3.1. Evaluation of the type I error

The Type I error was evaluated on 1000 replicate samples of 100 families. The results of the simulation under the null hypothesis in Table 2 show that the nominal Type I error rate was respected under both scenarios for all test statistics from our polytomous extension of the GDT. The Type I error rates of the tests conditional on locus 1 were similar for weight definitions 6 and 7, so only results for the former are shown. They were both below the nominal level, making these tests conservative. By contrast, the Type I error of the Wald tests based on GEE estimates were at nominal level only under the homogeneous sample scenario, and were severely inflated under the heterogeneous sample scenario.

Table 2

Estimations of Type I error on 1000 replicate samples of 100 families.

	GEE		Conditional likelihood
	Single locus		Single locus		Given other locus^a
	β₃(1L)	β˜(1L)	β₃(1L)	β˜(1L)	β₃₃	(β_e,β₃₃)	cpoly
HOMOGENEOUS POPULATION
α = 0.01:	0.009	0.015	0.006	0.012	0.001	0.001	0.007
α = 0.05:	0.053	0.060	0.051	0.045	0.019	0.003	0.029
MIXTURE OF TWO POPULATIONS
α = 0.01:	0.102	0.762	0.012	0.010	0.002	0.001	0.007
α = 0.05:	0.237	0.906	0.048	0.053	0.025	0.003	0.033

subject pairs were weighted using expression 6.

Estimations of Type I error on 1000 replicate samples of 100 families. subject pairs were weighted using expression 6.

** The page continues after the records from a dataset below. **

lemma dependent_if_card_gt:
  fixes S :: "('i \<Rightarrow> 'c::field) set"
  assumes "finite V" "S \<subseteq> supported_in V" "card V < card S"
  shows "fun_vs.dependent S"
proof (rule ccontr)
  assume "fun_vs.independent S"
  define e :: "'i \<Rightarrow> 'i \<Rightarrow> 'c" where "e x = (\<lambda>y. if y = x then 1 else 0)" for x
  have "S \<subseteq> fun_vs.span (e ` V)"
  proof
    fix g assume "g \<in> S"
    then have "g = (\<Sum>x\<in>V. fun_scale (g x) (e x))"
      using assms(1,2) unfolding supported_in_def e_def fun_eq_iff sum_fun_apply
      by (auto simp: if_distrib cong: if_cong)
    moreover have "(\<Sum>x\<in>V. fun_scale (g x) (e x)) \<in> fun_vs.span (e ` V)"
      by (intro fun_vs.span_sum fun_vs.span_scale fun_vs.span_base) auto
    ultimately show "g \<in> fun_vs.span (e ` V)" by simp
  qed
  then have "card S \<le> card (e ` V)"
    using fun_vs.independent_span_bound \<open>fun_vs.independent S\<close> assms(1) by blast
  also have "\<dots> \<le> card V" by (rule card_image_le[OF assms(1)])
  finally show False using assms(3) by simp
qed

lemma split_linear_factor:
  fixes p :: "complex poly"
  assumes "p \<noteq> 0" "degree p \<noteq> 0"
  shows "\<exists>a q. p = [:-a, 1:] * q \<and> q \<noteq> 0 \<and> degree q < degree p"
proof -
  have "\<not> constant (poly p)" using assms(2) constant_degree[of p] by simp
  then obtain a where "poly p a = 0" using fundamental_theorem_of_algebra by blast
  then obtain q where p: "p = [:-a, 1:] * q" by (metis dvdE poly_eq_0_iff_dvd)
  with assms(1) have "q \<noteq> 0" by auto
  have "degree p = degree [:-a, 1:] + degree q" unfolding p using \<open>q \<noteq> 0\<close> by (intro degree_mult_eq) auto
  with p \<open>q \<noteq> 0\<close> show ?thesis by auto
qed

text \<open>\<open>\<omega>\<close> is the reciprocal of a reversing measure of \<open>K\<close>; it is the weight for which the action
  of \<open>K\<close> on measures is self-adjoint.\<close>
locale reversible_kernel =
  fixes V :: "'a set" and K :: "'a \<Rightarrow> 'a \<Rightarrow> real" and \<omega> :: "'a \<Rightarrow> real"
  assumes finite_V: "finite V"
    and weight_pos: "x \<in> V \<Longrightarrow> 0 < \<omega> x"
    and detailed_balance: "x \<in> V \<Longrightarrow> y \<in> V \<Longrightarrow> K x y * \<omega> y = K y x * \<omega> x"
begin

definition evolve :: "('a \<Rightarrow> complex) \<Rightarrow> 'a \<Rightarrow> complex" where
  "evolve f = (\<lambda>y. if y \<in> V then (\<Sum>x\<in>V. f x * of_real (K x y)) else 0)"

lemma evolve_supported: "evolve f \<in> supported_in V"
  unfolding evolve_def supported_in_def by auto

lemma evolve_add: "evolve (\<lambda>y. f y + g y) = (\<lambda>y. evolve f y + evolve g y)"
  unfolding evolve_def by (auto simp: distrib_right sum.distrib)

lemma evolve_scale: "evolve (\<lambda>y. a * f y) = (\<lambda>y. a * evolve f y)"
  unfolding evolve_def by (auto simp: sum_distrib_left mult.assoc)

lemma evolve_diff: "evolve (\<lambda>y. f y - g y) = (\<lambda>y. evolve f y - evolve g y)"
  unfolding evolve_def by (auto simp: left_diff_distrib sum_subtractf)

lemma evolve_zero: "evolve (\<lambda>y. 0) = (\<lambda>y. 0)"
  unfolding evolve_def by auto

text \<open>\<open>poly_evolve p f\<close> is \<open>p(T) f\<close> for the operator \<open>T = evolve\<close>, by Horner's scheme.\<close>
definition poly_evolve :: "complex poly \<Rightarrow> ('a \<Rightarrow> complex) \<Rightarrow> 'a \<Rightarrow> complex" where
  "poly_evolve p f = foldr (\<lambda>a g y. a * f y + evolve g y) (coeffs p) (\<lambda>y. 0)"

lemma poly_evolve_0 [simp]: "poly_evolve 0 f = (\<lambda>y. 0)"
  unfolding poly_evolve_def by simp

lemma poly_evolve_pCons: "poly_evolve (pCons a p) f = (\<lambda>y. a * f y + evolve (poly_evolve p f) y)"
proof (cases "p = 0 \<and> a = 0")
  case True
  then show ?thesis by (simp add: evolve_zero)
next
  case False
  then have "coeffs (pCons a p) = a # coeffs p" by (auto simp: cCons_def)
  then show ?thesis unfolding poly_evolve_def by simp
qed

lemma poly_evolve_supported: "f \<in> supported_in V \<Longrightarrow> poly_evolve p f \<in> supported_in V"
  by (induction p rule: pCons_induct) (auto simp: poly_evolve_pCons supported_in_def evolve_def)

lemma poly_evolve_add: "poly_evolve (p + q) f = (\<lambda>y. poly_evolve p f y + poly_evolve q f y)"
proof (induction p q rule: poly_induct2)
  case (pCons a p b q)
  show ?case unfolding add_pCons poly_evolve_pCons pCons evolve_add by (simp add: algebra_simps)
qed simp

lemma poly_evolve_smult: "poly_evolve (smult a p) f = (\<lambda>y. a * poly_evolve p f y)"
proof (induction p rule: pCons_induct)
  case (pCons b p)
  show ?case unfolding smult_pCons poly_evolve_pCons pCons evolve_scale by (simp add: algebra_simps)
qed simp

lemma poly_evolve_mult: "poly_evolve (p * q) f = poly_evolve p (poly_evolve q f)"
proof (induction p rule: pCons_induct)
  case (pCons a p)
  show ?case unfolding mult_pCons_left poly_evolve_add poly_evolve_smult poly_evolve_pCons pCons
    by simp
qed simp

lemma poly_evolve_const: "poly_evolve [:c:] f = (\<lambda>y. c * f y)"
  by (simp add: poly_evolve_pCons evolve_zero)

lemma poly_evolve_linear_factor: "poly_evolve [:-a, 1:] f = (\<lambda>y. evolve f y - a * f y)"
  by (simp add: poly_evolve_pCons poly_evolve_const evolve_zero)

lemma poly_evolve_monom: "poly_evolve (monom c i) f = (\<lambda>y. c * (evolve ^^ i) f y)"
proof (induction i)
  case 0
  then show ?case by (simp add: monom_0 poly_evolve_const)
next
  case (Suc i)
  show ?case unfolding monom_Suc poly_evolve_pCons Suc by (simp add: evolve_scale)
qed

lemma poly_evolve_sum: "poly_evolve (\<Sum>i\<in>I. p i) f = (\<lambda>y. \<Sum>i\<in>I. poly_evolve (p i) f y)"
  by (induction I rule: infinite_finite_induct) (auto simp: poly_evolve_add)

lemma poly_evolve_diff: "poly_evolve (p - q) f = (\<lambda>y. poly_evolve p f y - poly_evolve q f y)"
proof -
  have "poly_evolve (p - q) f = poly_evolve (p + smult (-1) q) f" by simp
  then show ?thesis unfolding poly_evolve_add poly_evolve_smult by simp
qed

definition inner_w :: "('a \<Rightarrow> complex) \<Rightarrow> ('a \<Rightarrow> complex) \<Rightarrow> complex" where
  "inner_w f g = (\<Sum>x\<in>V. cnj (f x) * g x * of_real (\<omega> x))"

lemma inner_w_evolve: "inner_w (evolve f) g = inner_w f (evolve g)"
proof -
  have "inner_w (evolve f) g = (\<Sum>y\<in>V. \<Sum>x\<in>V. cnj (f x) * g y * of_real (K x y * \<omega> y))"
    unfolding inner_w_def evolve_def by (simp add: sum_distrib_left sum_distrib_right mult_ac)
  also have "\<dots> = (\<Sum>x\<in>V. \<Sum>y\<in>V. cnj (f x) * g y * of_real (K y x * \<omega> x))"
    by (subst sum.swap) (simp add: detailed_balance)
  also have "\<dots> = inner_w f (evolve g)"
    unfolding inner_w_def evolve_def by (simp add: sum_distrib_left sum_distrib_right mult_ac)
  finally show ?thesis .
qed

lemma inner_w_self_eq_0:
  assumes "f \<in> supported_in V" "inner_w f f = 0"
  shows "f = (\<lambda>y. 0)"
proof -
  have "inner_w f f = of_real (\<Sum>x\<in>V. (cmod (f x))\<^sup>2 * \<omega> x)"
    unfolding inner_w_def of_real_sum
    by (intro sum.cong refl) (simp add: complex_norm_square[symmetric] mult.commute)
  with assms(2) have "complex_of_real (\<Sum>x\<in>V. (cmod (f x))\<^sup>2 * \<omega> x) = 0" by (simp only:)
  then have "(\<Sum>x\<in>V. (cmod (f x))\<^sup>2 * \<omega> x) = 0" by (simp only: of_real_eq_0_iff)
  moreover have "0 \<le> (cmod (f x))\<^sup>2 * \<omega> x" if "x \<in> V" for x
    using weight_pos[OF that] by simp
  ultimately have "\<forall>x\<in>V. (cmod (f x))\<^sup>2 * \<omega> x = 0"
    using sum_nonneg_eq_0_iff[OF finite_V, of "\<lambda>x. (cmod (f x))\<^sup>2 * \<omega> x"] by simp
  then have "\<forall>x\<in>V. f x = 0" using weight_pos by (metis less_irrefl mult_eq_0_iff norm_eq_zero zero_eq_power2)
  then show ?thesis using assms(1) unfolding supported_in_def by auto
qed

lemma inner_w_scale_left: "inner_w (\<lambda>y. a * f y) g = cnj a * inner_w f g"
  unfolding inner_w_def by (simp add: sum_distrib_left mult_ac)

lemma inner_w_scale_right: "inner_w f (\<lambda>y. a * g y) = a * inner_w f g"
  unfolding inner_w_def by (simp add: sum_distrib_left mult_ac)

lemma inner_w_diff_left: "inner_w (\<lambda>y. f y - g y) h = inner_w f h - inner_w g h"
  unfolding inner_w_def by (simp add: sum_subtractf algebra_simps)

lemma inner_w_diff_right: "inner_w h (\<lambda>y. f y - g y) = inner_w h f - inner_w h g"
  unfolding inner_w_def by (simp add: sum_subtractf algebra_simps)

lemma eigenvalue_real:
  assumes "f \<in> supported_in V" "f \<noteq> (\<lambda>y. 0)" "evolve f = (\<lambda>y. a * f y)"
  shows "cnj a = a"
proof -
  have "inner_w f f \<noteq> 0" using inner_w_self_eq_0 assms(1,2) by blast
  moreover have "cnj a * inner_w f f = a * inner_w f f"
    using inner_w_evolve[of f f] unfolding assms(3) inner_w_scale_left inner_w_scale_right .
  ultimately show ?thesis by simp
qed

lemma linear_factor_square_annihilates:
  assumes "f \<in> supported_in V" "cnj a = a"
    and "poly_evolve [:-a, 1:] (poly_evolve [:-a, 1:] f) = (\<lambda>y. 0)"
  shows "poly_evolve [:-a, 1:] f = (\<lambda>y. 0)"
proof -
  define h where "h = poly_evolve [:-a, 1:] f"
  have "inner_w h h = inner_w f (poly_evolve [:-a, 1:] h)"
    unfolding h_def poly_evolve_linear_factor inner_w_diff_left inner_w_diff_right
      inner_w_scale_left inner_w_scale_right inner_w_evolve evolve_diff evolve_scale
    using assms(2) by (simp add: algebra_simps)
  also have "\<dots> = 0" using assms(3) unfolding h_def inner_w_def by simp
  finally show ?thesis
    using inner_w_self_eq_0 poly_evolve_supported[OF assms(1)] unfolding h_def by blast
qed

3.2. Evaluation of the power

Under the simulated scenario the endophenotype-to-disease model holds. While the test of the null hypothesis 13 has some power, testing β33 = 0 (the interaction parameter for the combination of disease and endophenotype impairment) achieves the highest power among the tests considered (Figure 2). Using weight definition 7 instead of 6 led to nearly identical power (results not shown). Under this scenario, testing association for the same phenotypic category of the allele count at locus 2 β3(1L) = 0 or the entire vector = 0 does not provide a measurable power improvement over the GDT applied to the disease status in the subset of subjects with endophenotype impairment. Further comparisons of testing strategies under a variety of scenarios will be reported elsewhere.

Figure 2

Power of various within-family score tests to detect locus 2. See text for definitions of the acronyms of the tests. For tests conditional on another locus, subject pairs were weighted using expression 6.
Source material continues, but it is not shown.